Wirtszelle nach Anspruch 32, worin das Gen in (a) für ein heterologes Fusionsprotein kodiert; wobei besagtes Fusionsprotein einen Transducer für ein Peptid oder Segment von besagtem Transducer umfasst, welcher entweder mit einer DNA-Bindungsdomäne oder ihrer entsprechenden Transkriptions-Aktivierungsdomäne von einem Transkriptions-Aktivierungsprotein verbunden ist.
Wirtszelle nach Anspruch 33, wobei das Transducer-Protein ausgewählt wird aus gp130, KH97, AIC2A und AIC2B.
Verfahren zum Nachweisen der Fähigkeit einer Testprobe, als Ligand für einen Rezeptor zu fungieren, welches umfasst: Bestimmen des Aktivitätsgrades des Reportergens der Wirtszelle nach Anspruch 33 nach Zugeben einer Testprobe zu besagter Zelle unter Bedingungen, welche für besagte Aktivität geeignet sind.
Wirtszelle nach einem der Ansprüche 1 bis 23, wobei die Gensequenz (a) eine Gensequenz ist, welche für ein heterologes Fusionsprotein kodiert, wobei besagtes Fusionsprotein ein Peptid von einem multiplen Peptidbindungskomplex oder Segment von besagtem Peptid umfasst, welches entweder mit einer DNA-Bindungsdomäne oder ihrer entsprechenden Transkriptions-Aktivierungsdomäne von einem Transkriptions-Aktivierungsprotein verbunden ist; und die Gensequenz (b) eine Gensequenz ist, welche für ein heterologes Fusionsprotein kodiert; wobei besagtes Fusionsprotein ein zweites Peptid von besagtem multiplen Peptidbindungskomplex, oder ein Segment von besagtem Rezeptor umfasst, welches entweder mit einer DNA-Bindungsdomäne oder ihrer entsprechenden Transkriptions-Aktivierungsdomäne verbunden ist, welche nicht in (a) eingesetzt ist.
Verfahren zum Nachweisen der Fähigkeit einer Testprobe, als eine Peptidkomponente eines multiplen Peptidbindungskomplexes zu fungieren; wobei besagtes Verfahren umfasst: Bestimmen des Aktivitätsgrades des Reportergens der Wirtszelle nach Anspruch 36 nach Zugeben einer Testprobe zu besagter Zelle unter Bedingungen, welche geeignet sind, besagte Aktivität nachzuweisen.

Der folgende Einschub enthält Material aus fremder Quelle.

(* Let $\hat f(z)=z+\beta_4z^4+\beta_7z^7+\cdots$ be a $3$-fold symmetric function in $\mathscr{S}^*_\wp$ (equivalently $\hat f(z)=(f(z^3))^{1/3}$ for some $f\in\mathscr{S}^*_\wp$). Then its third Hankel determinant satisfies $|H_3(1)|=|\beta_4|^2\le 1/9$, and the bound is sharp (attained by $\hat f(z)=z\exp\left(\tfrac13(e^{z^3}-1)\right)$).
   Context: $\mathbb{D}$ is the unit disk; $\mathcal{A}$ is the class of analytic $f$ on $\mathbb{D}$ with $f(0)=0,f'(0)=1$, written $f(z)=z+\sum_{k\ge2}b_kz^k$. $f\prec g$ means $f=g\circ\omega$ for analytic $\omega:\mathbb{D}\to\mathbb{D}$, $\omega(0)=0$. $\wp(z)=1+ze^z$, $\mathscr{S}^*_\wp=\{f\in\mathcal{A}:zf'(z)/f(z)\prec\wp(z)\}$. $f$ is $3$-fold symmetric if $f(e^{2\pi i/3}z)=e^{2\pi i/3}f(z)$ for all $z\in\mathbb{D}$. The third Hankel determinant is $H_3(1)=\det\begin{pmatrix}1&b_2&b_3\\ b_2&b_3&b_4\\ b_3&b_4&b_5\end{pmatrix}$, which for a $3$-fold symmetric function equals $-b_4^2$. *)

theory Defs
  imports "HOL-Analysis.Analysis"
begin

abbreviation unit_disk :: "complex set" where
  "unit_disk \<equiv> ball 0 1"

definition coef :: "(complex \<Rightarrow> complex) \<Rightarrow> nat \<Rightarrow> complex" where
  "coef f k = (deriv ^^ k) f 0 / of_nat (fact k)"

definition classA :: "(complex \<Rightarrow> complex) \<Rightarrow> bool" where
  "classA f \<longleftrightarrow> f holomorphic_on unit_disk \<and> f 0 = 0 \<and> deriv f 0 = 1"

definition subordinate :: "(complex \<Rightarrow> complex) \<Rightarrow> (complex \<Rightarrow> complex) \<Rightarrow> bool" where
  "subordinate f g \<longleftrightarrow>
     (\<exists>w. w holomorphic_on unit_disk \<and> w ` unit_disk \<subseteq> unit_disk \<and> w 0 = 0 \<and>
          (\<forall>z\<in>unit_disk. f z = g (w z)))"

definition wp :: "complex \<Rightarrow> complex" where
  "wp z = 1 + z * exp z"

text \<open>S*_wp. The quotient z f'(z)/f(z) has a removable singularity at 0 with value 1;
  we use that value there.\<close>
definition starlike_wp :: "(complex \<Rightarrow> complex) \<Rightarrow> bool" where
  "starlike_wp f \<longleftrightarrow> classA f \<and>
     subordinate (\<lambda>z. if z = 0 then 1 else z * deriv f z / f z) wp"

definition threefold_symmetric :: "(complex \<Rightarrow> complex) \<Rightarrow> bool" where
  "threefold_symmetric f \<longleftrightarrow>
     (\<forall>z\<in>unit_disk. f (exp (2 * pi * \<i> / 3) * z) = exp (2 * pi * \<i> / 3) * f z)"

text \<open>Third Hankel determinant H_3(1) = det [[1,b2,b3],[b2,b3,b4],[b3,b4,b5]], expanded.\<close>
definition hankel3 :: "(complex \<Rightarrow> complex) \<Rightarrow> complex" where
  "hankel3 f = (let b2 = coef f 2; b3 = coef f 3; b4 = coef f 4; b5 = coef f 5 in
      1 * (b3 * b5 - b4 * b4) - b2 * (b2 * b5 - b4 * b3) + b3 * (b2 * b4 - b3 * b3))"

end

theory Submission
  imports Defs "HOL-Complex_Analysis.Complex_Analysis"
begin

text \<open>Invariance under the rotation by omega = exp(2 pi i/3) kills every Taylor coefficient
  b_k with k not congruent to 1 mod 3, so H_3(1) = -b_4^2. Writing z f'/f = wp o w with a Schwarz
  function w and comparing coefficients in z f' = f (1 + w exp w) forces w_1 = w_2 = 0 and
  3 b_4 = w_3; Cauchy's estimate for the self-map w of the disk gives |w_3| <= 1. Equality is
  attained for w(z) = z^3, for which the equation is solved by z exp((exp(z^3) - 1)/3).\<close>

definition omega3 :: complex where
  "omega3 = exp (2 * pi * \<i> / 3)"

lemma omega3_cube: "omega3 ^ 3 = 1"
proof -
  have "omega3 ^ 3 = exp (of_nat 3 * (2 * pi * \<i> / 3))"
    unfolding omega3_def by (simp only: exp_of_nat_mult)
  also have "\<dots> = exp (2 * of_real pi * \<i>)" by (rule arg_cong[where f = exp]) simp
  finally show ?thesis by (simp only: exp_two_pi_i)
qed

lemma omega3_ne_1: "omega3 \<noteq> 1"
proof
  assume "omega3 = 1"
  then obtain n :: int where "2 * pi / 3 = 2 * pi * n"
    unfolding omega3_def exp_eq_1 by auto
  hence "1 = 3 * n" by (simp add: field_simps)
  thus False by presburger
qed

lemma omega3_power_mod: "omega3 ^ k = omega3 ^ (k mod 3)"
proof -
  have "omega3 ^ k = (omega3 ^ 3) ^ (k div 3) * omega3 ^ (k mod 3)"
    by (subst div_mult_mod_eq[symmetric, of k 3])
      (simp only: power_add power_mult[symmetric] mult.commute[of 3])
  thus ?thesis by (simp add: omega3_cube)
qed

lemma omega3_power_eq_self_iff: "omega3 ^ k = omega3 \<longleftrightarrow> k mod 3 = 1"
proof -
  have "omega3 \<noteq> 0" by (simp add: omega3_def)
  have "k mod 3 = 0 \<or> k mod 3 = 1 \<or> k mod 3 = 2" by presburger
  thus ?thesis
    using omega3_ne_1 \<open>omega3 \<noteq> 0\<close> by (subst omega3_power_mod) (auto simp: power2_eq_square)
qed

lemma threefold_symmetric_higher_deriv_0:
  assumes hol: "f holomorphic_on unit_disk" and sym: "threefold_symmetric f"
  shows "omega3 ^ k * (deriv ^^ k) f 0 = omega3 * (deriv ^^ k) f 0"
proof -
  have rotate: "omega3 * z \<in> unit_disk" if "z \<in> unit_disk" for z
    using that by (simp add: norm_mult omega3_def)
  have "eventually (\<lambda>z. z \<in> unit_disk) (nhds (0::complex))"
    by (intro eventually_nhds_in_open) auto
  hence "eventually (\<lambda>z. f (omega3 * z) = omega3 * f z) (nhds 0)"
    by eventually_elim (use sym in \<open>simp add: threefold_symmetric_def omega3_def\<close>)
  hence "(deriv ^^ k) (\<lambda>z. f (omega3 * z)) 0 = (deriv ^^ k) (\<lambda>z. omega3 * f z) 0"
    by (rule higher_deriv_cong_ev) simp
  moreover have "(deriv ^^ k) (\<lambda>z. f (omega3 * z)) 0 = omega3 ^ k * (deriv ^^ k) f 0"
    using higher_deriv_compose_linear[OF hol _ _ _ rotate, of unit_disk 0 k] by simp
  moreover have "(deriv ^^ k) (\<lambda>z. omega3 * f z) 0 = omega3 * (deriv ^^ k) f 0"
    by (rule higher_deriv_cmult[OF hol]) auto
  ultimately show ?thesis by simp
qed

lemma threefold_symmetric_coef_eq_0:
  assumes "f holomorphic_on unit_disk" "threefold_symmetric f" "k mod 3 \<noteq> 1"
  shows "coef f k = 0"
proof -
  have "(omega3 ^ k - omega3) * (deriv ^^ k) f 0 = 0"
    using threefold_symmetric_higher_deriv_0[OF assms(1,2)] by (simp add: algebra_simps)
  with assms(3) show ?thesis by (simp add: coef_def omega3_power_eq_self_iff)
qed

lemma hankel3_threefold_symmetric:
  assumes "f holomorphic_on unit_disk" "threefold_symmetric f"
  shows "hankel3 f = - (coef f 4 ^ 2)"
  using threefold_symmetric_coef_eq_0[OF assms, of 2] threefold_symmetric_coef_eq_0[OF assms, of 3]
    threefold_symmetric_coef_eq_0[OF assms, of 5]
  by (simp add: hankel3_def Let_def power2_eq_square)

lemma eventually_nonzero_at_simple_zero:
  assumes "(f has_field_derivative c) (at a)" "f a = 0" "c \<noteq> 0"
  shows "eventually (\<lambda>z. f z \<noteq> 0) (at a)"
proof -
  have "((\<lambda>z. (f z - f a) / (z - a)) \<longlongrightarrow> c) (at a)"
    using assms(1) by (simp add: has_field_derivative_iff)
  hence "eventually (\<lambda>z. (f z - f a) / (z - a) \<noteq> 0) (at a)"
    using assms(3) by (rule tendsto_imp_eventually_ne)
  thus ?thesis by (rule eventually_mono) (auto simp: assms(2))
qed

lemma starlike_wpE:
  assumes "starlike_wp f"
  obtains w where "w holomorphic_on unit_disk" "w ` unit_disk \<subseteq> unit_disk" "w 0 = 0"
    "eventually (\<lambda>z. z * deriv f z = f z * wp (w z)) (nhds 0)"
proof -
  from assms have hol: "f holomorphic_on unit_disk" and f0: "f 0 = 0" and f'0: "deriv f 0 = 1"
    by (auto simp: starlike_wp_def classA_def)
  from assms obtain w where w: "w holomorphic_on unit_disk" "w ` unit_disk \<subseteq> unit_disk" "w 0 = 0"
    and sub: "\<And>z. z \<in> unit_disk \<Longrightarrow> (if z = 0 then 1 else z * deriv f z / f z) = wp (w z)"
    by (auto simp: starlike_wp_def subordinate_def)
  have "(f has_field_derivative 1) (at 0)"
    using f'0 hol by (metis DERIV_deriv_iff_field_differentiable centre_in_ball
        holomorphic_on_imp_differentiable_at open_ball zero_less_one)
  hence "eventually (\<lambda>z. z \<noteq> 0 \<longrightarrow> f z \<noteq> 0) (nhds 0)"
    using eventually_nonzero_at_simple_zero[of f 1 0] f0 by (simp add: eventually_at_filter)
  moreover have "eventually (\<lambda>z. z \<in> unit_disk) (nhds (0::complex))"
    by (intro eventually_nhds_in_open) auto
  ultimately have "eventually (\<lambda>z. z * deriv f z = f z * wp (w z)) (nhds 0)"
  proof eventually_elim
    case (elim z)
    show ?case
    proof (cases "z = 0")
      case True
      with f0 show ?thesis by simp
    next
      case False
      with elim sub[of z] show ?thesis by (simp add: divide_eq_eq)
    qed
  qed
  with w that show ?thesis by blast
qed

lemma fps_nth_4_of_starlike_equation:
  fixes F W E :: "'a::comm_ring_1 fps"
  assumes eq: "fps_X * fps_deriv F = F * (1 + W * E)"
    and F: "fps_nth F 0 = 0" "fps_nth F 1 = 1" "fps_nth F 2 = 0" "fps_nth F 3 = 0"
    and W0: "fps_nth W 0 = 0" and E0: "fps_nth E 0 = 1"
  shows "3 * fps_nth F 4 = fps_nth W 3"
proof -
  have coeff: "fps_nth (fps_X * fps_deriv F) n = fps_nth (F * (1 + W * E)) n" for n
    using eq by simp
  have "fps_nth W 1 = 0" using coeff[of 2] F W0 E0
    by (simp add: fps_mult_nth numeral_eq_Suc)
  moreover have "fps_nth W 2 = 0" using coeff[of 3] F W0 E0 \<open>fps_nth W 1 = 0\<close>
    by (simp add: fps_mult_nth numeral_eq_Suc)
  ultimately show ?thesis using coeff[of 4] F W0 E0
    by (simp add: fps_mult_nth numeral_eq_Suc)
qed

lemma coef_eq_fps_nth: "coef f n = fps_nth (fps_expansion f 0) n"
  by (simp add: coef_def fps_expansion_def)

lemma coef_4_of_starlike_wp_equation:
  assumes f: "f analytic_on {0}" "f 0 = 0" "deriv f 0 = 1" "coef f 2 = 0" "coef f 3 = 0"
    and w: "w analytic_on {0}" "w 0 = 0"
    and eq: "eventually (\<lambda>z. z * deriv f z = f z * wp (w z)) (nhds 0)"
  shows "3 * coef f 4 = coef w 3"
proof -
  define F W E where "F = fps_expansion f 0" and "W = fps_expansion w 0"
    and "E = fps_expansion (\<lambda>z. exp (w z)) 0"
  have F: "f has_fps_expansion F" and W: "w has_fps_expansion W"
    unfolding F_def W_def using f(1) w(1) by (simp_all add: analytic_at_imp_has_fps_expansion_0)
  have E: "(\<lambda>z. exp (w z)) has_fps_expansion E"
    unfolding E_def using w(1) by (intro analytic_at_imp_has_fps_expansion_0 analytic_intros)
  have "(\<lambda>z. z * deriv f z) has_fps_expansion fps_X * fps_deriv F"
    by (intro has_fps_expansion_mult has_fps_expansion_fps_X has_fps_expansion_deriv F)
  hence "(\<lambda>z. f z * wp (w z)) has_fps_expansion fps_X * fps_deriv F"
    using has_fps_expansion_cong[OF eq refl] by blast
  moreover have "(\<lambda>z. f z * wp (w z)) has_fps_expansion F * (1 + W * E)"
    unfolding wp_def
    by (intro has_fps_expansion_mult has_fps_expansion_add has_fps_expansion_1 F W E)
  ultimately have "fps_X * fps_deriv F = F * (1 + W * E)"
    by (rule fps_expansion_unique_complex)
  moreover have "fps_nth F 0 = 0" "fps_nth W 0 = 0" "fps_nth E 0 = 1"
    using F W E f(2) w(2) by (auto dest!: has_fps_expansion_imp_0_eq_fps_nth_0)
  moreover have "fps_nth F 1 = 1" "fps_nth F 2 = 0" "fps_nth F 3 = 0"
    using f(3-5) by (simp_all add: F_def coef_eq_fps_nth fps_expansion_def)
  ultimately show ?thesis
    unfolding coef_eq_fps_nth F_def[symmetric] W_def[symmetric]
    by (intro fps_nth_4_of_starlike_equation)
qed

lemma norm_coef_le_1_of_maps_disk:
  assumes hol: "w holomorphic_on unit_disk" and maps: "w ` unit_disk \<subseteq> unit_disk"
  shows "norm (coef w n) \<le> 1"
proof -
  have Cauchy: "norm ((deriv ^^ n) w 0) \<le> fact n / r ^ n" if r: "0 < r" "r < 1" for r :: real
  proof -
    have "norm ((deriv ^^ n) w 0) \<le> fact n * 1 / r ^ n"
    proof (rule Cauchy_inequality)
      show "w holomorphic_on ball 0 r" by (rule holomorphic_on_subset[OF hol]) (use r in auto)
      show "continuous_on (cball 0 r) w"
        by (rule continuous_on_subset[OF holomorphic_on_imp_continuous_on[OF hol]]) (use r in auto)
      show "norm (w z) \<le> 1" if "norm (0 - z) = r" for z
        using that r maps by (force simp: less_imp_le)
    qed (use r in auto)
    thus ?thesis by simp
  qed
  have "((\<lambda>r::real. fact n / r ^ n) \<longlongrightarrow> fact n) (at_left 1)"
    by (auto intro!: tendsto_eq_intros)
  moreover have "eventually (\<lambda>r::real. 0 < r \<and> r < 1) (at_left 1)"
    using eventually_at_left_real[of 0 1] by simp
  ultimately have "norm ((deriv ^^ n) w 0) \<le> fact n"
    by (intro tendsto_le[OF _ _ tendsto_const]) (auto elim: eventually_mono intro: Cauchy)
  thus ?thesis by (simp add: coef_def norm_divide)
qed

lemma norm_coef_4_le_of_starlike_wp:
  assumes st: "starlike_wp f" and sym: "threefold_symmetric f"
  shows "norm (coef f 4) \<le> 1 / 3"
proof -
  have hol: "f holomorphic_on unit_disk" and "f 0 = 0" "deriv f 0 = 1"
    using st by (auto simp: starlike_wp_def classA_def)
  moreover have "f analytic_on {0}"
    using hol by (auto simp: analytic_on_open[symmetric] elim: analytic_on_subset)
  moreover obtain w where w: "w holomorphic_on unit_disk" "w ` unit_disk \<subseteq> unit_disk" "w 0 = 0"
    and eq: "eventually (\<lambda>z. z * deriv f z = f z * wp (w z)) (nhds 0)"
    using st by (rule starlike_wpE)
  moreover have "w analytic_on {0}"
    using w(1) by (auto simp: analytic_on_open[symmetric] elim: analytic_on_subset)
  ultimately have "3 * coef f 4 = coef w 3"
    using threefold_symmetric_coef_eq_0[OF hol sym] by (intro coef_4_of_starlike_wp_equation) auto
  hence "norm (3 * coef f 4) \<le> 1"
    using norm_coef_le_1_of_maps_disk[OF w(1,2)] by simp
  thus ?thesis by (simp add: norm_mult)
qed

definition wp_extremal3 :: "complex \<Rightarrow> complex" where
  "wp_extremal3 z = z * exp ((exp (z ^ 3) - 1) / 3)"

lemma deriv_wp_extremal3:
  "deriv wp_extremal3 z = exp ((exp (z ^ 3) - 1) / 3) * (1 + z ^ 3 * exp (z ^ 3))"
proof (rule DERIV_imp_deriv)
  show "(wp_extremal3 has_field_derivative
      exp ((exp (z ^ 3) - 1) / 3) * (1 + z ^ 3 * exp (z ^ 3))) (at z)"
    unfolding wp_extremal3_def[abs_def]
    by (auto intro!: derivative_eq_intros simp: algebra_simps power2_eq_square power3_eq_cube)
qed

lemma wp_extremal3_starlike_equation: "z * deriv wp_extremal3 z = wp_extremal3 z * wp (z ^ 3)"
  by (simp add: deriv_wp_extremal3 wp_extremal3_def wp_def)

Wirtszelle nach einem der Ansprüche 1 bis 23, wobei die Gensequenz (a) eine Gensequenz ist, welche für eine heterologes Fusionsprotein kodiert; wobei besagtes Fusionsprotein ein Peptid von einem multiplen Peptidbindungskomplex oder Segment von besagtem Peptid umfasst, welches entweder mit einer DNA-Bindungsdomäne oder ihrer entsprechenden Transkriptions-Aktivierungsdomäne von einem Transkriptions-Aktivierungsprotein verbunden ist; und die Gensequenz (b) eine Gensequenz ist, welche für ein heterologes Fusionsprotein kodiert; wobei besagtes Fusionsprotein ein zweites Peptid von besagtem multiplen Peptidbindungskomplex, oder ein Segment von besagtem Rezeptor umfasst, welches entweder mit einer DNA-Bindungsdomäne oder ihrer entsprechenden Transkriptions-Aktivierungsdomäne verbunden ist, welche nicht in (a) eingesetzt ist; wobei besagte Wirtszelle ferner als (e) mindestens eine Gensequenz umfasst, welche für ein Peptid kodiert; wobei besagter Wirtin der Lage ist, besagte Peptide zu exprimieren.
Wirtszelle nach Anspruch 38, wobei mindestens eine der Komponenten (a), (b) oder (e) eine Gensequenz ist, welche einer komplementären DNA-Bibliothek entspricht.
Wirtszelle nach Anspruch 39, worin Bestandteil (b) eine Gensequenz ist, welche einer komplementären DNA-Bibliothek entspricht.
Verfahren zum Bestimmen der Fähigkeit eines zufälligen Proteins, als Bestandteil eines multiplen Peptidbindungskomplexes zu fungieren, wobei besagtes Verfahren umfasst: Bestimmen des Aktivitätsgrades des Reportergens der Wirtszelle nach Anspruch 40 nach Expression des zufälligen Proteins aus der DNA-Bibliothek unter Bedingungen, welche geeignet sind, besagte Aktivität nachzuweisen.